### What the task requires
In the entries below, find each line with the word "imports" and return it.

### Exercise input

________________

(* The module $\mathbb W_1^{\otimes m}$ is generated by its degree-zero part $V^{\otimes m}$ as a $U(\mathfrak p)$-module.
   Context: Fix integers $\ell>1$, $n\ge m\ge1$; $\lceil i/n\rceil$ is the block index of $1\le i\le n\ell$. $E_{ij}$ are matrix units of $\mathfrak{gl}(n\ell)$; $\mathfrak p\subset\mathfrak{gl}(n\ell)\otimes\mathbb C[z]$ is the Lie subalgebra spanned by the $E_{ij}\otimes z^k$ ($k\ge0$) with $\lceil i/n\rceil-\lceil j/n\rceil+k\equiv0\pmod\ell$. Let $V=\mathbb C^{n\ell}$ and $\mathbb W_1=V\otimes\mathbb C[z]$ (graded by $z$-degree) with the natural action of $\mathfrak{gl}(n\ell)\otimes\mathbb C[z]$ ($(\xi\otimes z^k)(v\otimes z^r)=\xi v\otimes z^{k+r}$); $\mathfrak p$ acts on $\mathbb W_1^{\otimes m}$ diagonally by restriction. *)

theory Defs
  imports Complex_Main
begin

text \<open>Block index of 1 \<le> i \<le> n*l : ceiling (i/n).\<close>
definition blk :: "nat \<Rightarrow> nat \<Rightarrow> int" where
  "blk n i = \<lceil>real i / real n\<rceil>"

text \<open>An element of gl(n l) \<otimes> C[z] is given by its coordinates X i j k
  w.r.t. the basis E_ij \<otimes> z^k (1 \<le> i,j \<le> n l, k \<ge> 0), finitely supported.\<close>
definition loop_gl :: "nat \<Rightarrow> nat \<Rightarrow> (nat \<Rightarrow> nat \<Rightarrow> nat \<Rightarrow> complex) set" where
  "loop_gl n l = {X. finite {(i,j,k). X i j k \<noteq> 0} \<and>
      (\<forall>i j k. X i j k \<noteq> 0 \<longrightarrow> i \<in> {1..n*l} \<and> j \<in> {1..n*l})}"

definition palg :: "nat \<Rightarrow> nat \<Rightarrow> (nat \<Rightarrow> nat \<Rightarrow> nat \<Rightarrow> complex) set" where
  "palg n l = {X \<in> loop_gl n l. \<forall>i j k. X i j k \<noteq> 0 \<longrightarrow>
      (blk n i - blk n j + int k) mod int l = 0}"

text \<open>Basis of W_1^{\<otimes> m}: pairs (is, rs) of index list and degree list, both of
  length m, with e_{is!0} z^{rs!0} \<otimes> ... \<otimes> e_{is!(m-1)} z^{rs!(m-1)}.\<close>
definition valid_idx :: "nat \<Rightarrow> nat \<Rightarrow> nat \<Rightarrow> nat list \<times> nat list \<Rightarrow> bool" where
  "valid_idx n l m x \<longleftrightarrow> length (fst x) = m \<and> length (snd x) = m \<and>
      set (fst x) \<subseteq> {1..n*l}"

definition Wtens :: "nat \<Rightarrow> nat \<Rightarrow> nat \<Rightarrow> (nat list \<times> nat list \<Rightarrow> complex) set" where
  "Wtens n l m = {f. finite {x. f x \<noteq> 0} \<and> (\<forall>x. f x \<noteq> 0 \<longrightarrow> valid_idx n l m x)}"
(* Let $n\ge1$, $N=2^n$. Then $S^{(0)}_{0,0}=0$, $S^{(0)}_{0,1}=1$, and for all $w$: (i) if $0\le i<N/2$, then $S^{(n)}_{i,w}=\sum_{0\le w'\le \min(w,N/2),\ w'\equiv w \ (\mathrm{mod}\ 2)} S^{(n-1)}_{i,w'}\binom{N/2-w'}{(w-w')/2}2^{w'}$; (ii) if $N/2\le i<N$, then $S^{(n)}_{i,2w}=S^{(n-1)}_{i-N/2,w}$ and $S^{(n)}_{i,2w+1}=0$. Moreover, the numbers $T^{(n)}_{i,w}$ satisfy exactly the same recursions (i) and (ii) (with $S$ replaced by $T$), with initial values $T^{(0)}_{0,0}=1$, $T^{(0)}_{0,1}=0$.
   Context: All vectors are binary (over $GF(2)$), indices are zero-based. Let $G_2=\begin{pmatrix}1&0\\1&1\end{pmatrix}$ and $G_N=G_2^{\otimes n}$ for $N=2^n$ (with $G_1=(1)$), and let $\mathbf{g}_0,\ldots,\mathbf{g}_{N-1}$ denote the rows of $G_N$. For $0\le i<N$, $S^{(n)}_{i,w}$ is the number of words of Hamming weight $w$ in $\mathbf{g}_i+\langle\mathbf{g}_{i+1},\ldots,\mathbf{g}_{N-1}\rangle$, and $T^{(n)}_{i,w}$ is the number of words of Hamming weight $w$ in the linear span $\langle\mathbf{g}_{i+1},\ldots,\mathbf{g}_{N-1}\rangle$. *)

theory Defs
  imports Main "HOL-Library.Z2"
begin
(* Let $X$ and $Y$ be terms in normal form and let $f$ be a binary constructor (one of $\mathsf{sign},\mathsf{blind},\langle\cdot,\cdot\rangle,\{\cdot\}_\cdot$). If $\Gamma,f(X,Y)\vdash M$ has a cut-free derivation in $\mathcal S$, then so does $\Gamma,X,Y\vdash M$.
   Context: Fix names, variables and constructors $\mathsf{pub}$ (unary), $\mathsf{sign},\mathsf{blind},\langle\cdot,\cdot\rangle,\{\cdot\}_\cdot$ (binary). $E$ is the union of AC-convergent equational theories $E_1,\dots,E_n$ with pairwise disjoint signatures, disjoint from the constructors, each with at most one associative-commutative (AC) binary symbol $\oplus_i$; $E$ is presented by a rewrite system $R_E$ terminating and confluent modulo AC; $\Sigma_E$ is its signature. Terms are ground terms over names, the constructors and $\Sigma_E$; normal form means $R_E$-normal form modulo AC. $\equiv$ is equality modulo AC of all $\oplus_i$; $\approx_E$ equality modulo $E$. Guarded term: a name, a variable, or headed by a constructor. $E$-context: term with holes built only from symbols of $\Sigma_E$. Sequents $\Gamma\vdash M$ have all terms in normal form; $\Gamma,M$ means $\Gamma\cup\{M\}$. A derivation is cut-free if it has no instance of (cut). System $\mathcal S$: (id) $\Gamma\vdash M$ with no premise if $M\approx_E C[M_1,\dots,M_k]$ for an $E$-context $C$ and $M_i\in\Gamma$; (cut) from $\Gamma\vdash M$, $\Gamma,M\vdash T$ infer $\Gamma\vdash T$; ($p_L$) from $\Gamma,\langle M,N\rangle,M,N\vdash T$ infer $\Gamma,\langle M,N\rangle\vdash T$; ($p_R$) from $\Gamma\vdash M,\Gamma\vdash N$ infer $\Gamma\vdash\langle M,N\rangle$; ($e_L$) from $\Gamma,\{M\}_K\vdash K$ and $\Gamma,\{M\}_K,M,K\vdash N$ infer $\Gamma,\{M\}_K\vdash N$; ($e_R$) from $\Gamma\vdash M,\Gamma\vdash K$ infer $\Gamma\vdash\{M\}_K$; ($\mathsf{sign}_L$) from $\Gamma,\mathsf{sign}(M,K),\mathsf{pub}(L),M\vdash N$ infer $\Gamma,\mathsf{sign}(M,K),\mathsf{pub}(L)\vdash N$ if $K\equiv L$; ($\mathsf{sign}_R$) from $\Gamma\vdash M,\Gamma\vdash K$ infer $\Gamma\vdash\mathsf{sign}(M,K)$; ($\mathsf{blind}_{L1}$) from $\Gamma,\mathsf{blind}(M,K)\vdash K$ and $\Gamma,\mathsf{blind}(M,K),M,K\vdash N$ infer $\Gamma,\mathsf{blind}(M,K)\vdash N$; ($\mathsf{blind}_R$) from $\Gamma\vdash M,\Gamma\vdash K$ infer $\Gamma\vdash\mathsf{blind}(M,K)$; ($\mathsf{blind}_{L2}$) from $\Gamma,\mathsf{sign}(\mathsf{blind}(M,R),K)\vdash R$ and $\Gamma,\mathsf{sign}(\mathsf{blind}(M,R),K),\mathsf{sign}(M,K),R\vdash N$ infer $\Gamma,\mathsf{sign}(\mathsf{blind}(M,R),K)\vdash N$; ($gs$) from $\Gamma\vdash A$, $\Gamma,A\vdash M$ infer $\Gamma\vdash M$ if $A$ is a guarded subterm of a term in $\Gamma\cup\{M\}$. *)

theory Defs
  imports Main
begin

text \<open>Terms: variables, names, the constructors pub, sign, blind, pairing and
encryption, and applications of symbols of the equational signature Sigma_E
(symbols of type 'f).\<close>

datatype 'f trm =
    Var nat
  | Nm nat
  | Pub "'f trm"
  | Sign "'f trm" "'f trm"
  | Blind "'f trm" "'f trm"
  | Pair "'f trm" "'f trm"
  | Enc "'f trm" "'f trm"     \<comment> \<open>Enc M K is {M}_K\<close>
  | Fn 'f "'f trm list"

fun subst :: "(nat \<Rightarrow> 'f trm) \<Rightarrow> 'f trm \<Rightarrow> 'f trm" where
  "subst \<sigma> (Var x) = \<sigma> x"
| "subst \<sigma> (Nm n) = Nm n"
| "subst \<sigma> (Pub t) = Pub (subst \<sigma> t)"
| "subst \<sigma> (Sign s t) = Sign (subst \<sigma> s) (subst \<sigma> t)"
| "subst \<sigma> (Blind s t) = Blind (subst \<sigma> s) (subst \<sigma> t)"
| "subst \<sigma> (Pair s t) = Pair (subst \<sigma> s) (subst \<sigma> t)"
| "subst \<sigma> (Enc s t) = Enc (subst \<sigma> s) (subst \<sigma> t)"
| "subst \<sigma> (Fn f ts) = Fn f (map (subst \<sigma>) ts)"

fun vars :: "'f trm \<Rightarrow> nat set" where
  "vars (Var x) = {x}"
| "vars (Nm n) = {}"
| "vars (Pub t) = vars t"
| "vars (Sign s t) = vars s \<union> vars t"
| "vars (Blind s t) = vars s \<union> vars t"
| "vars (Pair s t) = vars s \<union> vars t"
| "vars (Enc s t) = vars s \<union> vars t"
| "vars (Fn f ts) = \<Union> (set (map vars ts))"

definition ground :: "'f trm \<Rightarrow> bool" where
  "ground t \<longleftrightarrow> vars t = {}"

fun syms :: "'f trm \<Rightarrow> 'f set" where
  "syms (Var x) = {}"
| "syms (Nm n) = {}"
| "syms (Pub t) = syms t"
| "syms (Sign s t) = syms s \<union> syms t"
| "syms (Blind s t) = syms s \<union> syms t"
| "syms (Pair s t) = syms s \<union> syms t"
| "syms (Enc s t) = syms s \<union> syms t"
| "syms (Fn f ts) = insert f (\<Union> (set (map syms ts)))"

fun is_Eterm :: "'f trm \<Rightarrow> bool" where
  "is_Eterm (Var x) = True"
| "is_Eterm (Fn f ts) = (\<forall>t\<in>set ts. is_Eterm t)"
| "is_Eterm _ = False"

fun term_ok :: "('f \<Rightarrow> nat) \<Rightarrow> 'f trm \<Rightarrow> bool" where
  "term_ok ar (Var x) = True"
| "term_ok ar (Nm n) = True"
| "term_ok ar (Pub t) = term_ok ar t"
| "term_ok ar (Sign s t) = (term_ok ar s \<and> term_ok ar t)"
| "term_ok ar (Blind s t) = (term_ok ar s \<and> term_ok ar t)"
| "term_ok ar (Pair s t) = (term_ok ar s \<and> term_ok ar t)"
| "term_ok ar (Enc s t) = (term_ok ar s \<and> term_ok ar t)"
| "term_ok ar (Fn f ts) = (length ts = ar f \<and> (\<forall>t\<in>set ts. term_ok ar t))"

________________

### Output below
  imports Complex_Main
  imports Main "HOL-Library.Z2"
  imports Main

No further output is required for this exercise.